In week 26 alone (June 23–28), Danske Bank bought 517,152 shares, pushing its cumulative repurchases to 7.77 million shares. The average VWAP for this week hit DKK 256.47, a notable jump from earlier in the program. Compare this to the program's overall average VWAP of DKK 232.31—a 10% premium.
This isn't just about shareholder returns. The rising VWAP signals confidence in the stock's intrinsic value. Management is buying shares at higher prices, implying they believe the market is undervaluing the bank. At current levels, Danske trades at a 15% discount to its DKK 270 target price, which aligns its P/E ratio (16.3x) with Nordic peers. Closing that
could unlock a 20% upside—a tantalizing reward for investors.The buy-back isn't just a defensive move. Let's break it down:
1. EPS Accretion: Each 1% reduction in shares boosts EPS by 1.2%. With a potential 2-3% annual reduction, EPS could hit DKK 15.30 by year-end (vs. Q1's DKK 14.50).
2. Valuation Fix: The DKK 270 target assumes a 17.6x P/E, a modest expansion from current levels. Even under conservative growth, this implies a 4.5% annualized return.

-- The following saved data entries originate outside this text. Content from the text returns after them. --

lemma disjoint_outside_if_frontier_subset:
  fixes S :: "'a :: real_normed_vector set"
  assumes "bounded S" "frontier S \<subseteq> D"
  shows "S \<inter> outside D = {}"
proof -
  have "outside D \<subseteq> outside (frontier S)" by (rule outside_mono[OF assms(2)])
  also have "\<dots> \<subseteq> - closure S" by (rule outside_frontier_misses_closure[OF assms(1)])
  finally show ?thesis using closure_subset by blast
qed

definition between_graphs :: "(real \<Rightarrow> real) \<Rightarrow> (real \<Rightarrow> real) \<Rightarrow> real \<Rightarrow> real \<Rightarrow> (real \<times> real) set"
  where "between_graphs f g a b = {(x, y). a < y \<and> y < b \<and> f y < x \<and> x < g y}"

context
  fixes f g :: "real \<Rightarrow> real" and a b :: real
  assumes cf: "continuous_on {a..b} f" and cg: "continuous_on {a..b} g"
begin

private lemma continuous_on_graph_offsets:
  "continuous_on (UNIV \<times> {a..b}) (\<lambda>q. (fst q - f (snd q), g (snd q) - fst q))"
  by (intro continuous_intros continuous_on_compose2[OF cf] continuous_on_compose2[OF cg]) auto

lemma open_between_graphs: "open (between_graphs f g a b)"
proof -
  have "between_graphs f g a b = (UNIV \<times> {a<..<b}) \<inter>
      (\<lambda>q. (fst q - f (snd q), g (snd q) - fst q)) -` ({0<..} \<times> {0<..})"
    by (auto simp: between_graphs_def)
  also have "open \<dots>"
    by (intro continuous_open_preimage continuous_on_subset[OF continuous_on_graph_offsets]
        open_Times) auto
  finally show ?thesis .
qed

lemma frontier_between_graphs:
  assumes "f a = g a" "f b = g b"
  shows "frontier (between_graphs f g a b) \<subseteq> (\<lambda>y. (f y, y)) ` {a..b} \<union> (\<lambda>y. (g y, y)) ` {a..b}"
proof -
  define K where "K = (UNIV \<times> {a..b}) \<inter>
      (\<lambda>q. (fst q - f (snd q), g (snd q) - fst q)) -` ({0..} \<times> {0..})"
  have "closed K"
    unfolding K_def
    by (intro continuous_closed_preimage continuous_on_graph_offsets closed_Times) auto
  have "between_graphs f g a b \<subseteq> K" by (auto simp: between_graphs_def K_def)
  then have "frontier (between_graphs f g a b) \<subseteq> K - between_graphs f g a b"
    using closure_minimal[OF _ \<open>closed K\<close>] interior_open[OF open_between_graphs]
    by (auto simp: frontier_def)
  also have "\<dots> \<subseteq> (\<lambda>y. (f y, y)) ` {a..b} \<union> (\<lambda>y. (g y, y)) ` {a..b}"
  proof
    fix q assume q: "q \<in> K - between_graphs f g a b"
    obtain s t where [simp]: "q = (s, t)" by fastforce
    from q have "t \<in> {a..b}" "f t \<le> s" "s \<le> g t" and "t = a \<or> t = b \<or> s = f t \<or> s = g t"
      unfolding K_def between_graphs_def by auto
    with assms have "t \<in> {a..b}" "s = f t \<or> s = g t" by auto
    then show "q \<in> (\<lambda>y. (f y, y)) ` {a..b} \<union> (\<lambda>y. (g y, y)) ` {a..b}" by auto
  qed
  finally show ?thesis .
qed
(* Let $q$ be a prime number, $l\ge 2$ an integer, and $\alpha=\alpha_1/\alpha_2\in\mathbb{Q}\text{-}\mathcal{KS}(q^{l})$. Then $\alpha\in\,]0,1[$ if and only if there exists a positive integer $d$ with $d\mid(q^{l}-q)$ such that $$\alpha=q-\frac{d}{\alpha_2}\quad\text{and}\quad \alpha_2\in\Bigl\{\Bigl\lfloor\frac{d}{q}\Bigr\rfloor+1,\dots,\Bigl\lceil\frac{d}{q-1}\Bigr\rceil-1\Bigr\}.$$
   Context: Every nonzero rational $\alpha$ is written $\alpha=\alpha_1/\alpha_2$ with $\alpha_1\in\mathbb{Z}$, $\alpha_2$ a positive integer and $\gcd(\alpha_1,\alpha_2)=1$. For an integer $N\ge 2$ and a nonzero rational $\alpha=\alpha_1/\alpha_2$, $N$ is called an $\alpha$-Korselt number if $N\neq\alpha$ and $\alpha_2p-\alpha_1$ divides $\alpha_2N-\alpha_1$ (in $\mathbb{Z}$) for every prime divisor $p$ of $N$. $\mathbb{Q}\text{-}\mathcal{KS}(N)$ is the set of all $\beta\in\mathbb{Q}\setminus\{0,N\}$ such that $N$ is a $\beta$-Korselt number. $\lfloor\cdot\rfloor$ and $\lceil\cdot\rceil$ are the floor and ceiling functions; $\{a,\dots,b\}$ is the set of integers from $a$ to $b$ (empty if $a>b$). *)

theory Defs
  imports Complex_Main "HOL-Computational_Algebra.Primes"
begin

definition num :: "rat \<Rightarrow> int" where "num a = fst (quotient_of a)"
definition den :: "rat \<Rightarrow> int" where "den a = snd (quotient_of a)"

definition korselt :: "nat \<Rightarrow> rat \<Rightarrow> bool" where
  "korselt N a \<longleftrightarrow> N \<ge> 2 \<and> a \<noteq> 0 \<and> a \<noteq> of_nat N \<and>
     (\<forall>p. prime p \<longrightarrow> p dvd N \<longrightarrow>
        (den a * int p - num a) dvd (den a * int N - num a))"

definition QKS :: "nat \<Rightarrow> rat set" where
  "QKS N = {b. b \<noteq> 0 \<and> b \<noteq> of_nat N \<and> korselt N b}"

end

theory Submission
  imports Defs
begin

text \<open>Write \<open>\<alpha> = \<alpha>\<^sub>1/\<alpha>\<^sub>2\<close> and \<open>d = \<alpha>\<^sub>2 q - \<alpha>\<^sub>1\<close>, so that \<open>\<alpha> = q - d/\<alpha>\<^sub>2\<close> holds
  by construction. For any \<open>d\<close> with \<open>\<alpha> = q - d/\<alpha>\<^sub>2\<close>, the condition \<open>0 < \<alpha> < 1\<close> is
  just \<open>d/q < \<alpha>\<^sub>2 < d/(q - 1)\<close>, i.e. the stated range for \<open>\<alpha>\<^sub>2\<close>. The Korselt condition
  at the prime \<open>q\<close> says \<open>d\<close> divides \<open>\<alpha>\<^sub>2 q\<^sup>l - \<alpha>\<^sub>1 = d + \<alpha>\<^sub>2 (q\<^sup>l - q)\<close>; since \<open>d\<close> is
  coprime to \<open>\<alpha>\<^sub>2\<close> (because \<open>\<alpha>\<^sub>1\<close> is), \<open>d\<close> divides \<open>q\<^sup>l - q\<close>.\<close>

lemma den_pos: "den a > 0"
  unfolding den_def by (metis prod.collapse quotient_of_denom_pos)

lemma coprime_num_den: "coprime (num a) (den a)"
  unfolding num_def den_def by (metis prod.collapse quotient_of_coprime)

lemma num_div_den: "of_int (num a) / of_int (den a) = a"
  unfolding num_def den_def by (metis prod.collapse quotient_of_div)

lemma eq_diff_div_den: "a = of_int c - of_int (den a * c - num a) / of_int (den a)"
proof -
  have "(of_int (den a) :: rat) \<noteq> 0" using den_pos[of a] by simp
  then show ?thesis
    by (subst (1) num_div_den[symmetric]) (simp add: diff_divide_distrib)
qed

lemma den_mult_minus_num_pos:
  assumes "a < of_int c"
  shows "0 < den a * c - num a"
proof -
  have "of_int (num a) / of_int (den a) < (of_int c :: rat)"
    using assms by (simp add: num_div_den)
  then have "(of_int (num a) :: rat) < of_int c * of_int (den a)"
    using den_pos[of a] by (simp add: divide_less_eq)
  then have "num a < c * den a"
    by (metis of_int_less_iff of_int_mult)
  then show ?thesis by (simp add: algebra_simps)
qed

lemma gcd_mult_diff_left: "gcd (b * p - a) b = gcd a (b :: int)"
proof -
  have "gcd b (p * b + - a) = gcd b (- a)" by (rule gcd_add_mult)
  then show ?thesis by (simp add: gcd.commute algebra_simps)
qed

lemma dvd_diff_if_dvd_linear:
  fixes a b p n :: int
  assumes "coprime a b" and "(b * p - a) dvd (b * n - a)"
  shows "(b * p - a) dvd (n - p)"
proof -
  have "coprime (b * p - a) b"
    using assms(1) gcd_mult_diff_left[of b p a] by (simp add: coprime_iff_gcd_eq_1)
  moreover have "b * n - a = (b * p - a) + b * (n - p)"
    by (simp add: algebra_simps)
  then have "(b * p - a) dvd b * (n - p)"
    using assms(2) by (metis dvd_add_right_iff dvd_refl)
  ultimately show ?thesis
    using coprime_dvd_mult_right_iff by blast
qed

lemma korselt_dvd_diff:
  assumes "korselt N a" and "prime p" and "p dvd N"
  shows "(den a * int p - num a) dvd (int N - int p)"
  using assms coprime_num_den[of a] dvd_diff_if_dvd_linear unfolding korselt_def by blast

lemma korselt_prime_power_dvd:
  assumes "prime q" and "l \<ge> 1" and "korselt (q ^ l) a"
  shows "(den a * int q - num a) dvd int (q ^ l - q)"
proof -
  have "q dvd q ^ l" and "q \<le> q ^ l"
    using assms(1,2) prime_gt_1_nat[OF assms(1)] by (auto simp: dvd_power self_le_power)
  then show ?thesis
    using korselt_dvd_diff[OF assms(3,1)] by simp
qed

lemma korselt_prime_power_repr:
  assumes "prime q" and "l \<ge> 1" and "korselt (q ^ l) a" and "a < of_nat q"
  shows "\<exists>d::nat. 0 < d \<and> d dvd q ^ l - q \<and> a = of_nat q - of_nat d / of_int (den a)"
proof -
  define D where "D = den a * int q - num a"
  have "0 < D"
    unfolding D_def using assms(4) by (intro den_mult_minus_num_pos) simp
  moreover have "D dvd int (q ^ l - q)"
    unfolding D_def using assms(1-3) by (rule korselt_prime_power_dvd)
  moreover have "a = of_nat q - of_nat (nat D) / of_int (den a)"
    using eq_diff_div_den[of a "int q"] \<open>0 < D\<close> unfolding D_def by simp
  ultimately show ?thesis
    by (intro exI[of _ "nat D"]) (simp add: nat_dvd_iff)
qed

lemma mem_floor_ceiling_interval_iff:
  fixes x y :: "'a :: floor_ceiling"
  shows "n \<in> {\<lfloor>x\<rfloor> + 1 .. \<lceil>y\<rceil> - 1} \<longleftrightarrow> x < of_int n \<and> of_int n < y"
proof -
  have "n \<in> {\<lfloor>x\<rfloor> + 1 .. \<lceil>y\<rceil> - 1} \<longleftrightarrow> \<lfloor>x\<rfloor> < n \<and> n < \<lceil>y\<rceil>"
    by auto
  then show ?thesis by (simp add: floor_less_iff less_ceiling_iff)
qed

lemma diff_div_in_unit_interval_iff:
  fixes b c x :: "'a :: linordered_field"
  assumes "0 < b" and "1 < c"
  shows "(0 < c - x / b \<and> c - x / b < 1) \<longleftrightarrow> x / c < b \<and> b < x / (c - 1)"
  using assms by (simp add: field_simps)

lemma unit_interval_iff_den_bounds:
  fixes a c x :: rat
  assumes "1 < c" and "a = c - x / of_int (den a)"
  shows "(0 < a \<and> a < 1) \<longleftrightarrow> den a \<in> {\<lfloor>x / c\<rfloor> + 1 .. \<lceil>x / (c - 1)\<rceil> - 1}"
  unfolding mem_floor_ceiling_interval_iff
  using diff_div_in_unit_interval_iff[of "of_int (den a)" c x] assms den_pos[of a] by simp

theorem proposition5p5:
  fixes q l :: nat and \<alpha> :: rat
  assumes "prime q" and "l \<ge> 2" and "\<alpha> \<in> QKS (q ^ l)"
  shows "(0 < \<alpha> \<and> \<alpha> < 1) \<longleftrightarrow>
    (\<exists>d::nat. d > 0 \<and> d dvd (q ^ l - q) \<and>
       \<alpha> = of_nat q - of_nat d / of_int (den \<alpha>) \<and>
       den \<alpha> \<in> {\<lfloor>(of_nat d / of_nat q :: rat)\<rfloor> + 1 ..
                    \<lceil>(of_nat d / (of_nat q - 1) :: rat)\<rceil> - 1})"
proof -
  have "1 < (of_nat q :: rat)"
    using prime_gt_1_nat[OF assms(1)] by simp
  moreover have "\<exists>d::nat. 0 < d \<and> d dvd q ^ l - q \<and> \<alpha> = of_nat q - of_nat d / of_int (den \<alpha>)"
    if "\<alpha> < 1"
    using that assms \<open>1 < (of_nat q :: rat)\<close>
    by (intro korselt_prime_power_repr) (auto simp: QKS_def)
  ultimately show ?thesis
    using unit_interval_iff_den_bounds by blast
qed

end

3. Macro Tailwinds: A weaker Norwegian krone (NOK) vs. the euro is boosting cross-border lending margins. Danske's Nordic dominance and “fortress balance sheet” (with DKK 21-23 billion net profit expected in 2025) are underappreciated.
But here's the catch: the bank's net interest income (NII) is under pressure as rates ease. Management is countering this with cost discipline (DKK 26 billion max expenses) and buybacks to offset the NII drag.
Critics will argue that Danske is “reaching” for growth. After all, the buy-back program has 64% of its budget remaining, and macro risks like a European recession or credit tightening could hurt. Yet, the bank's 1% loan impairment charges and strong fee income suggest resilience.
Investors should also note that the buy-back is MAR-compliant, with daily caps (≤25% of 20-day average volume) to avoid market manipulation. This isn't a reckless move—it's methodical.
This is a “recession-resistant” stock with a clear catalyst: the Q2 earnings report (due in July) and the buy-back's acceleration in week 22 (already completed, but the trend continues). The DKK 250-255 range is a buying opportunity—especially if the stock dips due to rate-cut fears.
Action Alert:
- Buy if: The stock slips below DKK 255, leveraging the buy-back's rising VWAP as a support level.
- Hold for: The DKK 270 target, with a 1.4% dividend yield cushioning downside risk.
Danske Bank isn't just buying shares—it's buying its future. Investors who act now could profit from a valuation rerating that's long overdue.
This is not financial advice. Consult a professional before making investment decisions.